Coulter does include some personal views, not all of them complimentary, about the Norwood Society. Certainly many of the mansions in the area were lost to developers, but the Society put up a fight to retain the best of them, and took a leading role in setting up Conservation Areas to give additional protection – St Valery in Beulah Hill is one mansion that survived through the successful efforts of the Society against strong pressure from developers.
‘Norwood Past’ by John Coulter is a stunning display both of new research and fascinating photographs never reproduced before. The existence of over half of them would not be known to most people. The cover, for example, is a hitherto unknown engraving of the Crystal Palace at Sydenham in 1854, showing the White Hart on one side and the Royal Crystal Palace Hotel at the other. But one should add that he has not taken the easy way out and devoted half his book to the already well-covered Palace: his book is almost exclusively about the three Norwood suburbs.
Early Norwood is researched just as extensively as later periods, and he advances a new and convincing theory about the location of Lord Thurlow’s house somewhere near Knights Hill. Fascinating details follow about the public and private lives of other eminent people who lived in Norwood. A whole chaper about Mary Nesbit, whose 18th century Norwood House still survives off Central Hill, adds much to the often-quoted chapter about her in Alan Warwick’s ‘The Phoenix Suburb’.

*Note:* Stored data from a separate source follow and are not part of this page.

(* Let $\mathcal C=\mathcal C(I,A,(\rho_i)_{i\in I},(C^a)_{a\in A})$ be a connected Cartan scheme and $\mathcal R=\mathcal R(\mathcal C,(R^a)_{a\in A})$ a root system of type $\mathcal C$. Let $a\in A$ and $i,j\in I$ with $i\neq j$. The following are equivalent: (1) $c^a_{ij}=c^a_{ji}=0$; (2) $R^a\cap(\mathbb N_0\alpha_i+\mathbb N_0\alpha_j)=\{\alpha_i,\alpha_j\}$; (3) $m^a_{i,j}=2$.
   Context: Let $I$ be a nonempty finite set and $\{\alpha_i\mid i\in I\}$ the standard basis of $\mathbb Z^I$; $\mathbb N_0=\{0,1,2,\dots\}$. A generalized Cartan matrix is $C=(c_{ij})_{i,j\in I}\in\mathbb Z^{I\times I}$ with $c_{ii}=2$, $c_{jk}\le0$ for $j\ne k$, and $c_{ij}=0\Rightarrow c_{ji}=0$. A Cartan scheme $\mathcal C=\mathcal C(I,A,(\rho_i)_{i\in I},(C^a)_{a\in A})$ consists of a nonempty set $A$, maps $\rho_i:A\to A$ and generalized Cartan matrices $C^a=(c^a_{jk})_{j,k\in I}$ such that (C1) $\rho_i^2=\mathrm{id}$ and (C2) $c^a_{ij}=c^{\rho_i(a)}_{ij}$ for all $a\in A$, $i,j\in I$. It is connected if the group generated by the $\rho_i$ acts transitively on $A$. For $i\in I$, $a\in A$ let $\sigma_i^a\in\mathrm{Aut}(\mathbb Z^I)$, $\sigma_i^a(\alpha_j)=\alpha_j-c^a_{ij}\alpha_i$. A root system of type $\mathcal C$ is a family $\mathcal R=\mathcal R(\mathcal C,(R^a)_{a\in A})$ of subsets $R^a\subset\mathbb Z^I$ such that, writing $R^a_+=R^a\cap\mathbb N_0^I$ and $m^a_{i,j}=|R^a\cap(\mathbb N_0\alpha_i+\mathbb N_0\alpha_j)|$, for all $a\in A$, $i,j\in I$: (R1) $R^a=R^a_+\cup(-R^a_+)$; (R2) $R^a\cap\mathbb Z\alpha_i=\{\alpha_i,-\alpha_i\}$; (R3) $\sigma_i^a(R^a)=R^{\rho_i(a)}$; (R4) if $i\neq j$ and $m^a_{i,j}$ is finite then $(\rho_i\rho_j)^{m^a_{i,j}}(a)=a$. *)

theory Defs
  imports Main
begin

text \<open>The index set I is modelled as a finite type 'i (I = UNIV), the set A as a type 'a
  (A = UNIV, automatically nonempty). Elements of Z^I are functions 'i => int.\<close>

definition alpha :: "'i \<Rightarrow> ('i \<Rightarrow> int)" where
  "alpha i = (\<lambda>j. if j = i then 1 else 0)"

definition gen_cartan_matrix :: "('i \<Rightarrow> 'i \<Rightarrow> int) \<Rightarrow> bool" where
  "gen_cartan_matrix c \<longleftrightarrow>
     (\<forall>i. c i i = 2) \<and> (\<forall>j k. j \<noteq> k \<longrightarrow> c j k \<le> 0) \<and> (\<forall>i j. c i j = 0 \<longrightarrow> c j i = 0)"

definition cartan_scheme :: "('i \<Rightarrow> 'a \<Rightarrow> 'a) \<Rightarrow> ('a \<Rightarrow> 'i \<Rightarrow> 'i \<Rightarrow> int) \<Rightarrow> bool" where
  "cartan_scheme rho C \<longleftrightarrow>
     (\<forall>a. gen_cartan_matrix (C a)) \<and>
     (\<forall>i a. rho i (rho i a) = a) \<and>
     (\<forall>a i j. C a i j = C (rho i a) i j)"

text \<open>Connected: the group generated by the involutions rho_i acts transitively on A;
  since the generators are involutions, the orbits are the classes of the reflexive
  transitive closure of the relation a ~ rho_i a.\<close>
definition connected_cs :: "('i \<Rightarrow> 'a \<Rightarrow> 'a) \<Rightarrow> bool" where
  "connected_cs rho \<longleftrightarrow> (\<forall>a b. (a, b) \<in> {(x, rho i x) | x i. True}\<^sup>*)"

text \<open>sigma_i^a is the Z-linear map with alpha_j |-> alpha_j - c^a_ij alpha_i.\<close>
definition sigma :: "('a \<Rightarrow> 'i \<Rightarrow> 'i \<Rightarrow> int) \<Rightarrow> 'i \<Rightarrow> 'a \<Rightarrow> ('i::finite \<Rightarrow> int) \<Rightarrow> ('i \<Rightarrow> int)" where
  "sigma C i a v = (\<lambda>k. v k - (if k = i then (\<Sum>j\<in>UNIV. C a i j * v j) else 0))"

definition pos_roots :: "('a \<Rightarrow> ('i \<Rightarrow> int) set) \<Rightarrow> 'a \<Rightarrow> ('i \<Rightarrow> int) set" where
  "pos_roots R a = R a \<inter> {v. \<forall>k. 0 \<le> v k}"

definition cone2 :: "'i \<Rightarrow> 'i \<Rightarrow> ('i \<Rightarrow> int) set" where
  "cone2 i j = {v. \<exists>p q :: nat. v = (\<lambda>k. int p * alpha i k + int q * alpha j k)}"

definition root_system ::
  "('i::finite \<Rightarrow> 'a \<Rightarrow> 'a) \<Rightarrow> ('a \<Rightarrow> 'i \<Rightarrow> 'i \<Rightarrow> int) \<Rightarrow> ('a \<Rightarrow> ('i \<Rightarrow> int) set) \<Rightarrow> bool" where
  "root_system rho C R \<longleftrightarrow>
     (\<forall>a. R a = pos_roots R a \<union> uminus ` pos_roots R a) \<and>
     (\<forall>a i. R a \<inter> {v. \<exists>n::int. v = (\<lambda>k. n * alpha i k)} = {alpha i, - alpha i}) \<and>
     (\<forall>a i. sigma C i a ` R a = R (rho i a)) \<and>
     (\<forall>a i j. i \<noteq> j \<longrightarrow> finite (R a \<inter> cone2 i j) \<longrightarrow>
        ((rho i \<circ> rho j) ^^ card (R a \<inter> cone2 i j)) a = a)"

end

theory Submission
  imports Defs
begin

text \<open>Write \<open>v = p\<alpha>\<^sub>i + q\<alpha>\<^sub>j\<close> for the elements of the cone. If \<open>c\<^sup>a\<^sub>i\<^sub>j = 0\<close>, then
  \<open>\<sigma>\<^sub>i\<^sup>a v = -p\<alpha>\<^sub>i + q\<alpha>\<^sub>j\<close> is a root, so by (R1) \<open>p\<close> and \<open>q\<close> cannot both be positive, and by (R2)
  the only roots of the cone with \<open>p = 0\<close> or \<open>q = 0\<close> are \<open>\<alpha>\<^sub>i\<close> and \<open>\<alpha>\<^sub>j\<close>. Conversely, by (R3) applied
  at \<open>\<rho>\<^sub>i(a)\<close> and (C2), the vector \<open>\<alpha>\<^sub>j - c\<^sup>a\<^sub>i\<^sub>j\<alpha>\<^sub>i\<close> is a root of \<open>R\<^sup>a\<close>; it lies in the cone
  because \<open>c\<^sup>a\<^sub>i\<^sub>j \<le> 0\<close>, so if \<open>\<alpha>\<^sub>i, \<alpha>\<^sub>j\<close> are the only roots there, it is \<open>\<alpha>\<^sub>j\<close>.
  As \<open>\<alpha>\<^sub>i, \<alpha>\<^sub>j\<close> always lie in the cone, (2) and (3) are equivalent by counting.\<close>

definition comb2 :: "'i \<Rightarrow> 'i \<Rightarrow> int \<Rightarrow> int \<Rightarrow> ('i \<Rightarrow> int)" where
  "comb2 i j p q = (\<lambda>k. p * alpha i k + q * alpha j k)"

lemma comb2_apply:
  assumes "i \<noteq> j"
  shows "comb2 i j p q i = p" "comb2 i j p q j = q"
  using assms by (simp_all add: comb2_def alpha_def)

lemma comb2_eq_iff: "i \<noteq> j \<Longrightarrow> comb2 i j p q = comb2 i j p' q' \<longleftrightarrow> p = p' \<and> q = q'"
  by (metis comb2_apply)

lemma alpha_eq_comb2: "alpha i = comb2 i j 1 0" "alpha j = comb2 i j 0 1"
  by (simp_all add: comb2_def)

lemma alpha_times_eq_comb2: "(\<lambda>k. q * alpha j k) = comb2 i j 0 q" "(\<lambda>k. p * alpha i k) = comb2 i j p 0"
  by (simp_all add: comb2_def)

lemma alpha_inj: "alpha i = alpha j \<longleftrightarrow> i = j"
  by (metis alpha_def zero_neq_one)

lemma cone2_eq_comb2: "cone2 i j = {comb2 i j p q | p q. 0 \<le> p \<and> 0 \<le> q}"
proof (intro set_eqI iffI)
  fix v assume "v \<in> cone2 i j"
  then obtain p q :: nat where "v = comb2 i j (int p) (int q)"
    unfolding cone2_def comb2_def by blast
  then show "v \<in> {comb2 i j p q | p q. 0 \<le> p \<and> 0 \<le> q}" by force
next
  fix v assume "v \<in> {comb2 i j p q | p q. 0 \<le> p \<and> 0 \<le> q}"
  then obtain p q where "0 \<le> p" "0 \<le> q" "v = comb2 i j p q" by blast
  then have "v = (\<lambda>k. int (nat p) * alpha i k + int (nat q) * alpha j k)"
    by (simp add: comb2_def)
  then show "v \<in> cone2 i j" unfolding cone2_def by blast
qed

lemma cone2_commute: "cone2 i j = cone2 j i"
proof -
  have "comb2 i j p q = comb2 j i q p" for p q by (simp add: comb2_def add.commute)
  then show ?thesis unfolding cone2_eq_comb2 by force
qed

lemma alpha_mem_cone2: "alpha i \<in> cone2 i j" "alpha j \<in> cone2 i j"
  unfolding cone2_eq_comb2 by (force intro: alpha_eq_comb2)+

lemma sigma_comb2:
  assumes "i \<noteq> j" and "C a i i = 2"
  shows "sigma C i a (comb2 i j p q) = comb2 i j (- p - C a i j * q) q"
proof -
  have "(\<Sum>l\<in>UNIV. C a i l * comb2 i j p q l)
      = (\<Sum>l\<in>UNIV. (if l = i then C a i i * p else 0) + (if l = j then C a i j * q else 0))"
    using assms(1) by (intro sum.cong) (auto simp: comb2_def alpha_def)
  also have "\<dots> = 2 * p + C a i j * q"
    using assms(2) by (simp add: sum.distrib)
  finally show ?thesis
    using assms(1) by (auto simp: sigma_def comb2_def alpha_def)
qed

lemma cartan_scheme_diag: "cartan_scheme rho C \<Longrightarrow> C a i i = 2"
  unfolding cartan_scheme_def gen_cartan_matrix_def by blast

lemma cartan_scheme_offdiag_nonpos: "cartan_scheme rho C \<Longrightarrow> i \<noteq> j \<Longrightarrow> C a i j \<le> 0"
  unfolding cartan_scheme_def gen_cartan_matrix_def by blast

lemma cartan_scheme_rho_invariant: "cartan_scheme rho C \<Longrightarrow> C (rho i a) i j = C a i j"
  unfolding cartan_scheme_def by metis

lemma cartan_scheme_rho_involutive: "cartan_scheme rho C \<Longrightarrow> rho i (rho i a) = a"
  unfolding cartan_scheme_def by blast

lemma root_system_pos_neg: "root_system rho C R \<Longrightarrow> R a = pos_roots R a \<union> uminus ` pos_roots R a"
  unfolding root_system_def by (drule conjunct1) (erule spec)

lemma root_system_line:
  "root_system rho C R \<Longrightarrow> R a \<inter> {v. \<exists>n::int. v = (\<lambda>k. n * alpha i k)} = {alpha i, - alpha i}"
  unfolding root_system_def by (drule conjunct2, drule conjunct1) (elim allE)

lemma root_system_sigma_image: "root_system rho C R \<Longrightarrow> sigma C i a ` R a = R (rho i a)"
  unfolding root_system_def by (drule conjunct2, drule conjunct2, drule conjunct1) (elim allE)

lemma root_system_nonneg_or_nonpos:
  assumes "root_system rho C R" and "v \<in> R a"
  shows "(\<forall>k. 0 \<le> v k) \<or> (\<forall>k. v k \<le> 0)"
proof -
  have "v \<in> pos_roots R a \<or> v \<in> uminus ` pos_roots R a"
    using assms root_system_pos_neg[OF assms(1), of a] by blast
  then show ?thesis unfolding pos_roots_def by auto
qed

lemma root_system_multiple_alpha:
  assumes "root_system rho C R" and "(\<lambda>k. n * alpha i k) \<in> R a"
  shows "n = 1 \<or> n = -1"
proof -
  have "(\<lambda>k. n * alpha i k) \<in> R a \<inter> {v. \<exists>n::int. v = (\<lambda>k. n * alpha i k)}"
    using assms(2) by blast
  then have "(\<lambda>k. n * alpha i k) \<in> {alpha i, - alpha i}"
    by (simp only: root_system_line[OF assms(1)])
  then have "n * alpha i i \<in> {alpha i i, - alpha i i}"
    by (auto dest: fun_cong[where x = i])
  then show ?thesis by (simp add: alpha_def)
qed

lemma root_system_alpha_mem:
  assumes "root_system rho C R"
  shows "alpha i \<in> R a"
proof -
  have "alpha i \<in> R a \<inter> {v. \<exists>n::int. v = (\<lambda>k. n * alpha i k)}"
    by (simp only: root_system_line[OF assms]) simp
  then show ?thesis by (rule IntD1)
qed

lemma simple_roots_subset_cone2: "root_system rho C R \<Longrightarrow> {alpha i, alpha j} \<subseteq> R a \<inter> cone2 i j"
  by (simp add: root_system_alpha_mem alpha_mem_cone2)

lemma roots_on_axis_cone2:
  assumes "root_system rho C R" and "i \<noteq> j" and "0 \<le> p" and "0 \<le> q"
    and "comb2 i j p q \<in> R a" and "p = 0 \<or> q = 0"
  shows "comb2 i j p q \<in> {alpha i, alpha j}"
  using assms(6)
proof
  assume "p = 0"
  then have "(\<lambda>k. q * alpha j k) \<in> R a"
    using assms(5) by (simp add: alpha_times_eq_comb2[where i = i and j = j])
  then have "q = 1"
    using root_system_multiple_alpha[OF assms(1)] \<open>0 \<le> q\<close> by fastforce
  then show ?thesis using \<open>p = 0\<close> by (simp add: alpha_eq_comb2[where i = i and j = j])
next
  assume "q = 0"
  then have "(\<lambda>k. p * alpha i k) \<in> R a"
    using assms(5) by (simp add: alpha_times_eq_comb2[where i = i and j = j])
  then have "p = 1"
    using root_system_multiple_alpha[OF assms(1)] \<open>0 \<le> p\<close> by fastforce
  then show ?thesis using \<open>q = 0\<close> by (simp add: alpha_eq_comb2[where i = i and j = j])
qed

lemma roots_cone2_simple_if_cartan_zero:
  assumes cs: "cartan_scheme rho C" and rs: "root_system rho C R" and "i \<noteq> j"
    and "C a i j = 0"
  shows "R a \<inter> cone2 i j = {alpha i, alpha j}"
proof
  show "R a \<inter> cone2 i j \<subseteq> {alpha i, alpha j}"
  proof
    fix v assume v: "v \<in> R a \<inter> cone2 i j"
    then obtain p q where pq: "0 \<le> p" "0 \<le> q" and v_eq: "v = comb2 i j p q"
      unfolding cone2_eq_comb2 by blast
    have "sigma C i a v = comb2 i j (- p) q"
      using sigma_comb2[where C = C and a = a, OF \<open>i \<noteq> j\<close> cartan_scheme_diag[OF cs]]
        \<open>C a i j = 0\<close> v_eq by simp
    moreover have "sigma C i a v \<in> R (rho i a)"
      using v root_system_sigma_image[OF rs, of i a] by blast
    ultimately have "(\<forall>k. 0 \<le> comb2 i j (- p) q k) \<or> (\<forall>k. comb2 i j (- p) q k \<le> 0)"
      using root_system_nonneg_or_nonpos[OF rs] by metis
    then have "0 \<le> comb2 i j (- p) q i \<or> comb2 i j (- p) q j \<le> 0"
      by blast
    then have "p = 0 \<or> q = 0"
      using pq by (simp add: comb2_apply[OF \<open>i \<noteq> j\<close>])
    then show "v \<in> {alpha i, alpha j}"
      using roots_on_axis_cone2[OF rs \<open>i \<noteq> j\<close> pq] v v_eq by blast
  qed
qed (rule simple_roots_subset_cone2[OF rs])

lemma cartan_zero_if_roots_cone2_simple:
  assumes cs: "cartan_scheme rho C" and rs: "root_system rho C R" and "i \<noteq> j"
    and simple: "R a \<inter> cone2 i j = {alpha i, alpha j}"
  shows "C a i j = 0"
proof -
  let ?a' = "rho i a"
  have "sigma C i ?a' (alpha j) \<in> R (rho i ?a')"
    using root_system_alpha_mem[OF rs] root_system_sigma_image[OF rs] by blast
  moreover have "sigma C i ?a' (alpha j) = comb2 i j (- C a i j) 1"
    using sigma_comb2[where C = C and a = ?a', OF \<open>i \<noteq> j\<close> cartan_scheme_diag[OF cs], of 0 1]
    by (simp add: alpha_eq_comb2(2)[where i = i and j = j] cartan_scheme_rho_invariant[OF cs])
  ultimately have "comb2 i j (- C a i j) 1 \<in> R a"
    by (simp add: cartan_scheme_rho_involutive[OF cs])
  moreover have "comb2 i j (- C a i j) 1 \<in> cone2 i j"
    using cartan_scheme_offdiag_nonpos[OF cs \<open>i \<noteq> j\<close>] unfolding cone2_eq_comb2 by force
  ultimately have "comb2 i j (- C a i j) 1 \<in> {alpha i, alpha j}"
    using simple by blast
  then show ?thesis
    by (simp add: alpha_eq_comb2[where i = i and j = j] comb2_eq_iff[OF \<open>i \<noteq> j\<close>])
qed

theorem lemma4p4:
  fixes rho :: "'i::finite \<Rightarrow> 'a \<Rightarrow> 'a"
    and C :: "'a \<Rightarrow> 'i \<Rightarrow> 'i \<Rightarrow> int"
    and R :: "'a \<Rightarrow> ('i \<Rightarrow> int) set"
    and a :: 'a and i j :: 'i
  assumes "cartan_scheme rho C" and "connected_cs rho"
    and "root_system rho C R" and "i \<noteq> j"
  shows "((C a i j = 0 \<and> C a j i = 0) \<longleftrightarrow> R a \<inter> cone2 i j = {alpha i, alpha j})
       \<and> (R a \<inter> cone2 i j = {alpha i, alpha j} \<longleftrightarrow>
            (finite (R a \<inter> cone2 i j) \<and> card (R a \<inter> cone2 i j) = 2))"
proof -
  note cs = assms(1) and rs = assms(3)
  let ?S = "R a \<inter> cone2 i j"
  have "R a \<inter> cone2 j i = {alpha j, alpha i} \<longleftrightarrow> ?S = {alpha i, alpha j}"
    by (simp add: cone2_commute insert_commute)
  then have cartan: "(C a i j = 0 \<and> C a j i = 0) \<longleftrightarrow> ?S = {alpha i, alpha j}"
    using roots_cone2_simple_if_cartan_zero[OF cs rs \<open>i \<noteq> j\<close>]
      cartan_zero_if_roots_cone2_simple[OF cs rs \<open>i \<noteq> j\<close>]
      cartan_zero_if_roots_cone2_simple[OF cs rs \<open>i \<noteq> j\<close>[symmetric]]
    by blast
  have "card {alpha i, alpha j} = 2"
    using \<open>i \<noteq> j\<close> by (simp add: alpha_inj)
  then have "?S = {alpha i, alpha j} \<longleftrightarrow> finite ?S \<and> card ?S = 2"
    using card_subset_eq[OF _ simple_roots_subset_cone2[OF rs]] by fastforce
  with cartan show ?thesis by blast
qed

end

The book jacket curiously tells us nothing about the author, which is a missed opportunity. Though he may be known to some as a senior librarian at Lewisham Local History Library, he has also been a long-standing Norwood resident. In the book, he is tactful in demolishing some of the misstatements or incorrect views of previous historians, but less so in some rather critical and perhaps undeserved comments about the Norwood Society. Coulter’s writing style is particularly attractive, with vivid metaphors and many a skilful turn of phrase. While his grasp of 18th and 19th century English literature is equally imposing, one wonders whether a local history book is the right place to mention casually people like Junius or La Rochfoucauld as people with whom we would all be familiar – many will not be. But that is a minor blemish on an otherwise very attractive and interesting book.